President Donald Trump’s escalating trade war with China is exposing an inconvenient truth for Detroit’s automakers. Their bet on the world’s largest market may need a rethink.
That sound you hear is a collective “no” coming from Detroit, Dearborn, and the good folks at Fiat Chrysler in Auburn Hills. They can’t turn their back on the global industry’s biggest engine of growth, the driver of trends in electrification and mobility.
But if Detroit has learned anything from its meltdown a decade ago and the slow climb back to respectability, it’s that smart business people don’t throw good money after bad, or keep trying to compete where they can’t win.
Make no mistake, China isn’t yet that place for Detroit’s three automakers and Tesla, their rival in Silicon Valley. But the trade war, China’s claim of superpower status and a slowdown in the blistering pace of auto sales are exposing more Detroit weakness.

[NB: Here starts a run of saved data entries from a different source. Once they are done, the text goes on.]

lemma linear_ode_no_positive_decaying_solution:
  fixes U U' U'' p q :: "real \<Rightarrow> real" and a c :: real
  assumes "a > 0" "c < 2 * sqrt a"
    and U': "\<And>x. (U has_real_derivative U' x) (at x)"
    and U'': "\<And>x. (U' has_real_derivative U'' x) (at x)"
    and ode: "\<And>x. U'' x = - p x * U' x - q x * U x"
    and "(p \<longlongrightarrow> c) at_top" "(q \<longlongrightarrow> a) at_top"
    and pos: "\<And>x. U x > 0" and "(U \<longlongrightarrow> 0) at_top"
  shows False
proof -
  obtain \<delta> \<eta> where "\<delta> > 0" "\<eta> > 0" and coercive:
    "\<And>p q R. \<bar>p - c\<bar> \<le> \<eta> \<Longrightarrow> \<bar>q - a\<bar> \<le> \<eta> \<Longrightarrow> R \<le> 0 \<Longrightarrow> \<delta> * (1 + R\<^sup>2) \<le> R\<^sup>2 + p * R + q"
    using riccati_quadratic_coercive[OF assms(1,2)] by blast
  have "\<forall>\<^sub>F x in at_top. \<bar>p x - c\<bar> \<le> \<eta> \<and> \<bar>q x - a\<bar> \<le> \<eta>"
    using assms(6,7)[THEN tendstoD, OF \<open>\<eta> > 0\<close>]
    by eventually_elim (simp add: dist_real_def)
  then obtain z1 where near: "\<And>x. z1 \<le> x \<Longrightarrow> \<bar>p x - c\<bar> \<le> \<eta> \<and> \<bar>q x - a\<bar> \<le> \<eta>"
    by (auto simp: eventually_at_top_linorder)
  obtain z2 where "z1 \<le> z2" "U' z2 < 0"
    using decaying_has_negative_slope[OF U' assms(9) pos] .
  define R where "R x = U' x / U x" for x
  have R': "(R has_real_derivative - ((R x)\<^sup>2 + p x * R x + q x)) (at x)" for x
    using pos[of x] unfolding R_def
    by (auto intro!: derivative_eq_intros U' U'' simp: ode field_simps power2_eq_square)
  have riccati: "\<delta> * (1 + (R x)\<^sup>2) \<le> (R x)\<^sup>2 + p x * R x + q x" if "z1 \<le> x" "R x \<le> 0" for x
    using near[OF that(1)] that(2) by (intro coercive) auto
  have "R x < 0" if "z2 \<le> x" for x
  proof (rule negative_if_crossing_zero_downwards[OF R' _ _ that])
    show "R z2 < 0"
      using \<open>U' z2 < 0\<close> pos[of z2] by (simp add: R_def divide_neg_pos)
    show "- ((R y)\<^sup>2 + p y * R y + q y) < 0" if "z2 \<le> y" "R y = 0" for y
      using riccati[of y] that \<open>z1 \<le> z2\<close> \<open>\<delta> > 0\<close> by simp
  qed
  then have "- ((R x)\<^sup>2 + p x * R x + q x) \<le> - \<delta> * (1 + (R x)\<^sup>2)" if "z2 \<le> x" for x
    using riccati[of x] that \<open>z1 \<le> z2\<close> by fastforce
  then show False
    by (rule riccati_inequality_no_forward_solution[OF \<open>\<delta> > 0\<close> R'])
qed

lemma nonneg_linear_ode_positive:
  fixes U U' U'' p q :: "real \<Rightarrow> real" and L :: real
  assumes U': "\<And>x. (U has_real_derivative U' x) (at x)"
    and U'': "\<And>x. (U' has_real_derivative U'' x) (at x)"
    and ode: "\<And>x. U'' x = - p x * U' x - q x * U x"
    and "continuous_on UNIV p" "continuous_on UNIV q"
    and nonneg: "\<And>x. U x \<ge> 0" and "(U \<longlongrightarrow> L) at_bot" and "L > 0"
  shows "U x > 0"
proof (rule ccontr)
  assume "\<not> U x > 0"
  then have "U x = 0"
    using nonneg[of x] by simp
  have vanish: "U y = 0" if "y < x" for y
  proof (rule nonneg_linear_ode_zero_propagates_left[OF U' U'' ode _ _ nonneg \<open>U x = 0\<close> that])
    show "continuous_on {y..x} p" "continuous_on {y..x} q"
      using assms(4,5) by (auto intro: continuous_on_subset)
  qed
  have "\<forall>\<^sub>F y in at_bot. U y > 0"
    using assms(7,8) by (simp add: order_tendsto_iff)
  then obtain N where "\<And>y. y \<le> N \<Longrightarrow> U y > 0"
    by (auto simp: eventually_at_bot_linorder)
  then have "U (min N (x - 1)) > 0"
    by simp
  moreover have "U (min N (x - 1)) = 0"
    by (rule vanish) simp
  ultimately show False
    by simp
qed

Behind the transpacific presidential belly-bumping over tariffs, negotiators are arguing about more insidious realities: China unapologetically co-opts western technology to accelerate its capability, to collect data, and to monitor business and political rivals. It’s perfectly willing to skew rules to benefit hometown players, assuming correctly that foreign business will surrender in exchange for access to revenue, profit and comparatively cheap labor.
And vastly improved domestic Chinese automakers are claiming ever larger chunks of their home market, squeezing from the bottom mass-market brands like Ford and GM’s Chevrolet, Peugeot, and Hyundai.
China’s top private automaker, Geely, now sells twice as many vehicles as Ford and FCA combined. Just three years ago, it sold half as much as Ford and FCA together. And Great Wall, the Jeep of China, outsells FCA’s Jeep 10-to-1 in the growing SUV segment.
ZoZo Go, an auto consultant based in Hong Kong, says, “The reality is that the Detroit Three are already in trouble – even before direct fallout from trade tensions.”
And some smart money folks on Wall Street are starting to wonder whether Detroit’s automakers should rethink the size and wisdom of their collective bet on China because they “may be operating on borrowed time,” as Morgan Stanley said.
Look, if trade talks keep turning sideways, it might not be long before Chinese leaders encourage a boycott of American auto brands. That would make a challenging situation much worse than what Detroit faces now.
Cars and trucks are becoming one of the most sophisticated internet-of-things networks with all that implies for safeguarding data privacy, trade secrets and security from foreign monitoring. Chinese regulators are expected to speed the death of internal combustion engines, raising investment thresholds for those competing there.
And China’s central planners almost certainly will anoint a select few domestic automakers “national champions” and charge them with leading the electrification of the country’s vast car park.
The goals: to improve their fouled environment, to achieve dominance in the next generation of auto-mobility, to achieve the national security imperative of reducing China’s reliance on imported oil.
That’s quite a minefield for Detroit to negotiate.
Daniel Howes is a columnist at The Detroit News. Views expressed in his essays are his own and do not necessarily reflect those of Michigan Radio, its management or the station licensee, The University of Michigan.